# set timing before engine start



## yousaygo (Apr 3, 2006)

Hi, I have a 69 GTO with a 65 421 engine, trying to start the engine for the first time this summer and it will not turn over. It just cranks and it sounds like it wants to start but I just get a back fire every 10 seconds or so. My question is based around the idea that the timing may be entirely not correct because of turning the engine over by hand a while replacing parts over the winter, so it could be anywhere. I don't know how to set it without the engine running, like lining up the piston or something, I am amateur mech but many years wrenching in the driveway. The MSD ignition is "on" but after cranking it once it shuts off and I have to reset the ignition or the LED does not come back on. I have both positive MSD ignition going to the battery positive because I thought it was getting a voltage drop, its not now. Last month i did the rear main seal, pushrods and lifters, changed from 8 bolt water pump to 11 so i added a new Romac harmonic balancer, it was the old two piece, this all meant I had turned the engine over by hand many times. I've been using an MSD Digital 6 Plus with an MSD Pro Billet distributor and everything worked fine last time it ran last year. All the wiring looks good. What info may I provide to help troubleshoot? Am I on track thinking there is no sync between the new balancer, distributor and setting timing? Thank you, I am right here online for the duration if anyone can jump in. I am waaay behind driving this beast and need to cruise soon or Ill freak. Thanks, Shane


----------



## yousaygo (Apr 3, 2006)

Hi GTOForum, so I had also made sure the #1 piston was at TDC and the pointer under the distributor cap was pointing pretty close to the #1 spark plug wire, it was about 1" off, meaning looking at the timing mark for 0 on balancer was about 1" to the right. Not sure if I am explaining things properly for you experts but I am moving forward as best I can. Thanks, Shane


----------



## PontiacJim (Dec 29, 2012)

OK, here is the stupid question, and not to insult.....you have the distributor wires running in a counter-clockwise rotation?

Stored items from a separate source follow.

lemma scaled_binary_form_eqs:
  fixes a b c x y :: int
  shows "a * (a*x^2 + 2*b*x*y + c*y^2) = (a*x + b*y)^2 + (a*c - b^2) * y^2"
    and "c * (a*x^2 + 2*b*x*y + c*y^2) = (b*x + c*y)^2 + (a*c - b^2) * x^2"
  by (simp_all add: algebra_simps power2_eq_square)

lemma exists_odd_prime_not_dvd:
  fixes e :: int
  assumes "e \<noteq> 0"
  shows "\<exists>q. prime q \<and> odd q \<and> \<not> int q dvd e"
proof -
  obtain q where q: "prime q" "q > 2 * nat \<bar>e\<bar>" using bigger_prime by blast
  then have "q > 2" using assms by simp
  then have "odd q" using q(1) prime_odd_nat by blast
  moreover have "\<not> int q dvd e"
    using q(2) assms by (auto dest!: dvd_imp_le_int)
  ultimately show ?thesis using q(1) by blast
qed

lemma never_exactly_dvd_if_multiple_is_square:
  fixes q :: nat and e :: int and F L :: "int \<Rightarrow> int \<Rightarrow> int"
  assumes q: "prime q" "\<not> int q dvd e" and L: "\<And>x y. e * F x y = (L x y)^2"
  shows "never_exactly_dvd q F"
  unfolding never_exactly_dvd_def
proof (intro allI impI)
  fix x y assume "int q dvd F x y"
  have pq: "prime (int q)" using q(1) by simp
  have "int q dvd (L x y)^2" unfolding L[symmetric] using \<open>int q dvd F x y\<close> by (rule dvd_mult)
  then have "int q dvd L x y" by (rule prime_dvd_power[OF pq])
  then have "(int q)^2 dvd e * F x y" unfolding L by (rule dvd_power_same)
  moreover have "coprime ((int q)^2) e" using prime_imp_coprime[OF pq q(2)] by simp
  ultimately show "(int q)^2 dvd F x y" by (simp add: coprime_dvd_mult_right_iff)
qed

Wild guess, but how did you line up your timing marks on the timing gears? Early engines, like the 421, aligned timing marks with cam gear at 6 o'clock and crank gear at 12 o'clock -so they face each other. The later engines(not sure when they changed over- probably with the 1967 400) had the timing marks with cam gear at 12 o'clock and crank gear at 12 o'clock. Did this once myself and used the early alignment diagram and the best I could get was the popping through the carb and once in a while sounded like it would catch, but never would no matter how I swung the distributor. I did not pull the distributor nor know enough to check #1 cylinder for firing. It was an old beat up/rusty '68 GTO I paid $250 for and I did not know any better back in my youth, so it got parted out and scrapped - I made money on it.

When you pulled your distributor did you re-install it/aligned to its original/earlier position? If you did, you may have lined up your old distributor timing to the later engine timing gear alignment and the 12 o'clock cam gear/12 o'clock crank gear is 180 out and you may find that the engine will fire up if you put the #1 plug wire in the #6 cap position and follow around CCW in the usual firing order. 

Second option, and the better, is to pull the distributor and set your #1 cylinder on its compression stroke at TDC. Then reinstall your distributor so the rotor now matches the cap wire for #1 cylinder and follow around CCW in the usual firing order.

Another train of thought is that the distributor is simply off. It does not take much to have the rotor "miss" the mark and not fire. It may seem like the rotor is lined up to fire #1 and your balancer is positioned at 9 degrees BTDC (?), but it may be more off then you might think. So double check this.

Finally, you changed lifters along with the cam. Are you using the non-adjustable torque down method on the rocker arm studs or did you go with polyloks to make the valvetrain adjustable? If you went with polyloks, it is possible that one or more valves are adjusted too tight and not fully closing, thus popping back through the carb.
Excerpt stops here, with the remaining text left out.